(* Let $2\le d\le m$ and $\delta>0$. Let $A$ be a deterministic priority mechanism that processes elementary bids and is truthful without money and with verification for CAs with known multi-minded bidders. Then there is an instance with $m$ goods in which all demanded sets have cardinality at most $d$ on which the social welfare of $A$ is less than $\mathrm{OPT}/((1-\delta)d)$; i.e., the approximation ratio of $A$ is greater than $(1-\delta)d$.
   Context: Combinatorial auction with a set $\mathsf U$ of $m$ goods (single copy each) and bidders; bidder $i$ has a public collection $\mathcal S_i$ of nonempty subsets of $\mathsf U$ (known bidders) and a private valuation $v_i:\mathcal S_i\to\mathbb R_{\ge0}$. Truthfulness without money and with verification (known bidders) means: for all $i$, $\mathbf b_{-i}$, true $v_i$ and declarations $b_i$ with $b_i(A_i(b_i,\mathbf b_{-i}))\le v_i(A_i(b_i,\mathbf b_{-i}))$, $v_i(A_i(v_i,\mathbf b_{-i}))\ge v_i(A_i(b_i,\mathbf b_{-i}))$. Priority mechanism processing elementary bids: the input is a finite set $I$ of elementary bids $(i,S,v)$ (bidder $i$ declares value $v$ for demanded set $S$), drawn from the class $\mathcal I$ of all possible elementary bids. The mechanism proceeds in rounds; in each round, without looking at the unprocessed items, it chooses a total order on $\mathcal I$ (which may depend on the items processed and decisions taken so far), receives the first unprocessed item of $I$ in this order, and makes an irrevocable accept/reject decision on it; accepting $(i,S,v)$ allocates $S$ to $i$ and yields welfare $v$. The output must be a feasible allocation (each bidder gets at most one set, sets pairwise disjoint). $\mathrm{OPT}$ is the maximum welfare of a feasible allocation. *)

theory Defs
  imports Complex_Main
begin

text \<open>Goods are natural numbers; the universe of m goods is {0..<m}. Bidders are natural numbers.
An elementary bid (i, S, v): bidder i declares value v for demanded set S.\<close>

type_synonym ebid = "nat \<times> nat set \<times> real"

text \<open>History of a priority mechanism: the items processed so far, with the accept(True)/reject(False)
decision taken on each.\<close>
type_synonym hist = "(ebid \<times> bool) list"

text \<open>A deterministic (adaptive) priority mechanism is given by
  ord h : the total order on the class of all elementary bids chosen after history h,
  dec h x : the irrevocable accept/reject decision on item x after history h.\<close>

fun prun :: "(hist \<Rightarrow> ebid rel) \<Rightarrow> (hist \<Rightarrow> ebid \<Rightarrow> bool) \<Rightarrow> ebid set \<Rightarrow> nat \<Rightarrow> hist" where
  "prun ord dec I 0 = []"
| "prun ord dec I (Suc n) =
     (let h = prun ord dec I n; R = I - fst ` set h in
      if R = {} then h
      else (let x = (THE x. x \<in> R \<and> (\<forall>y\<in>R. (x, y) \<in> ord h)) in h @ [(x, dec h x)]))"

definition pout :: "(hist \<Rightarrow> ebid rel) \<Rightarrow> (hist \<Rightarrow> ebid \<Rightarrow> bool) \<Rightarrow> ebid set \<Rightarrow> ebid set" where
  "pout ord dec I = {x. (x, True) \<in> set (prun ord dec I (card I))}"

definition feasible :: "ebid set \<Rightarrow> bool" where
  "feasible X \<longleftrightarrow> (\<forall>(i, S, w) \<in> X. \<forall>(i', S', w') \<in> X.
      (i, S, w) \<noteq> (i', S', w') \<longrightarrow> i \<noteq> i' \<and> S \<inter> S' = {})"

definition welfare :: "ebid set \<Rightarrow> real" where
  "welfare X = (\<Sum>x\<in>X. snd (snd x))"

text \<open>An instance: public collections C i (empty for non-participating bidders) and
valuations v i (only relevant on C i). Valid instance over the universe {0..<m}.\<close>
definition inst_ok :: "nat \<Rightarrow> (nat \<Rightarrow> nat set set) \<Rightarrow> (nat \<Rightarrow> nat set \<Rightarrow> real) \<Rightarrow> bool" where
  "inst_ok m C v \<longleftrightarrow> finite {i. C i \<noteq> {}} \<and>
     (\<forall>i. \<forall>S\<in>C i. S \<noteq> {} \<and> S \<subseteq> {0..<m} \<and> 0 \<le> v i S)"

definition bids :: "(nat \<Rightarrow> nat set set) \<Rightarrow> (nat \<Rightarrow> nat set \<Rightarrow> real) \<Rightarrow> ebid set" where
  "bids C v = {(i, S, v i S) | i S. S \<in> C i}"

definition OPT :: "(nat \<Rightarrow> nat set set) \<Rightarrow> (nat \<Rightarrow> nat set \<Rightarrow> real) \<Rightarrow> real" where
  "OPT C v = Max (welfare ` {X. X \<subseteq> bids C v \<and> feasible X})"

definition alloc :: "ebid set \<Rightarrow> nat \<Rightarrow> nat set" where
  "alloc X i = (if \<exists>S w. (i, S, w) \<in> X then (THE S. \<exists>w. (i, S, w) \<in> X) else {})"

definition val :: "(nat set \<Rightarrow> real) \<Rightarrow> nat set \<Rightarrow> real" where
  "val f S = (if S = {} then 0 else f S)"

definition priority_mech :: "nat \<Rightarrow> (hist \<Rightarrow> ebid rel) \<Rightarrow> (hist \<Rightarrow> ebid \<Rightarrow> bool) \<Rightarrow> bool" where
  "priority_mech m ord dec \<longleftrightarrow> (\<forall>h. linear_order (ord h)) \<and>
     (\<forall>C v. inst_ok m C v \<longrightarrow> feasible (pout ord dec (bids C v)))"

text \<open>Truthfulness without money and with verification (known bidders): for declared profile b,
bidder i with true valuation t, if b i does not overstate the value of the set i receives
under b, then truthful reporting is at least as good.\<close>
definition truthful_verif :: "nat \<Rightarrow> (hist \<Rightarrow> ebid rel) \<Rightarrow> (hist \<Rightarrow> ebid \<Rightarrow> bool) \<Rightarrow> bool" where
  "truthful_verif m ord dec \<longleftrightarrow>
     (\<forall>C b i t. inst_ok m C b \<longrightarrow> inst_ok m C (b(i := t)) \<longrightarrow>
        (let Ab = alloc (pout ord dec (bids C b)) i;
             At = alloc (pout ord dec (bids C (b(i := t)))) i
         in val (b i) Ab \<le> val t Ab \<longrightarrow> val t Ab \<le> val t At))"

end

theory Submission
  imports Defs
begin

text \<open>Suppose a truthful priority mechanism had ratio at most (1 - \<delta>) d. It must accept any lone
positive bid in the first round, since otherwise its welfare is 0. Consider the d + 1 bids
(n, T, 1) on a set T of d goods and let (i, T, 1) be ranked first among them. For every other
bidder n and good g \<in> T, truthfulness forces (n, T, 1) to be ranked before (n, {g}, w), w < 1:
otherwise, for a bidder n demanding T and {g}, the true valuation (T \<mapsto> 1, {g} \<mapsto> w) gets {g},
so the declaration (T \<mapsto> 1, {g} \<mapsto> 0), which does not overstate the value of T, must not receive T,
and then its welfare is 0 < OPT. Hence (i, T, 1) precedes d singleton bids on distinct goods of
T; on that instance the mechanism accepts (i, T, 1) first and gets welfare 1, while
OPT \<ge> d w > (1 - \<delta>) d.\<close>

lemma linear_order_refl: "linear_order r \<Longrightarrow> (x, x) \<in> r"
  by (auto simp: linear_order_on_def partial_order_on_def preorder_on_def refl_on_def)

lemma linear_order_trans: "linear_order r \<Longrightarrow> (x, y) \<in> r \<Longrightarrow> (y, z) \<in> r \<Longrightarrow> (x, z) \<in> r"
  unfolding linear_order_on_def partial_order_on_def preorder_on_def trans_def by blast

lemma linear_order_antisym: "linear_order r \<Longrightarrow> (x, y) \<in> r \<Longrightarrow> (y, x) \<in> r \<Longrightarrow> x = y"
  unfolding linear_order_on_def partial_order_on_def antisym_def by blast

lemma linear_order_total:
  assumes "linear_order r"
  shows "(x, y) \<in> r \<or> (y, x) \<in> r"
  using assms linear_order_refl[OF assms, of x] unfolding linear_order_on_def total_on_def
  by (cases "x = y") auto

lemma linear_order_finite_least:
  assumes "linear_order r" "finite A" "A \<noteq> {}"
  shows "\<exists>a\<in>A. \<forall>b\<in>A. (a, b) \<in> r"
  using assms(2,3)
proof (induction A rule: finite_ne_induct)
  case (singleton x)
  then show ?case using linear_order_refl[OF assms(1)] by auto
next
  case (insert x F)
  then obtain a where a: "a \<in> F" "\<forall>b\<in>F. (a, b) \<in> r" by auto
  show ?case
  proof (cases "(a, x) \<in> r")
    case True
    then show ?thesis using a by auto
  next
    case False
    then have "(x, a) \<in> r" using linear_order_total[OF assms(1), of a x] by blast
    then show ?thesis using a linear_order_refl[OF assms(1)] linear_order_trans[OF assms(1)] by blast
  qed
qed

Work to be completed: Which lines above contain "delta"? Show each of them.

Answer area:
(* Let $2\le d\le m$ and $\delta>0$. Let $A$ be a deterministic priority mechanism that processes elementary bids and is truthful without money and with verification for CAs with known multi-minded bidders. Then there is an instance with $m$ goods in which all demanded sets have cardinality at most $d$ on which the social welfare of $A$ is less than $\mathrm{OPT}/((1-\delta)d)$; i.e., the approximation ratio of $A$ is greater than $(1-\delta)d$.
text \<open>Suppose a truthful priority mechanism had ratio at most (1 - \<delta>) d. It must accept any lone
OPT \<ge> d w > (1 - \<delta>) d.\<close>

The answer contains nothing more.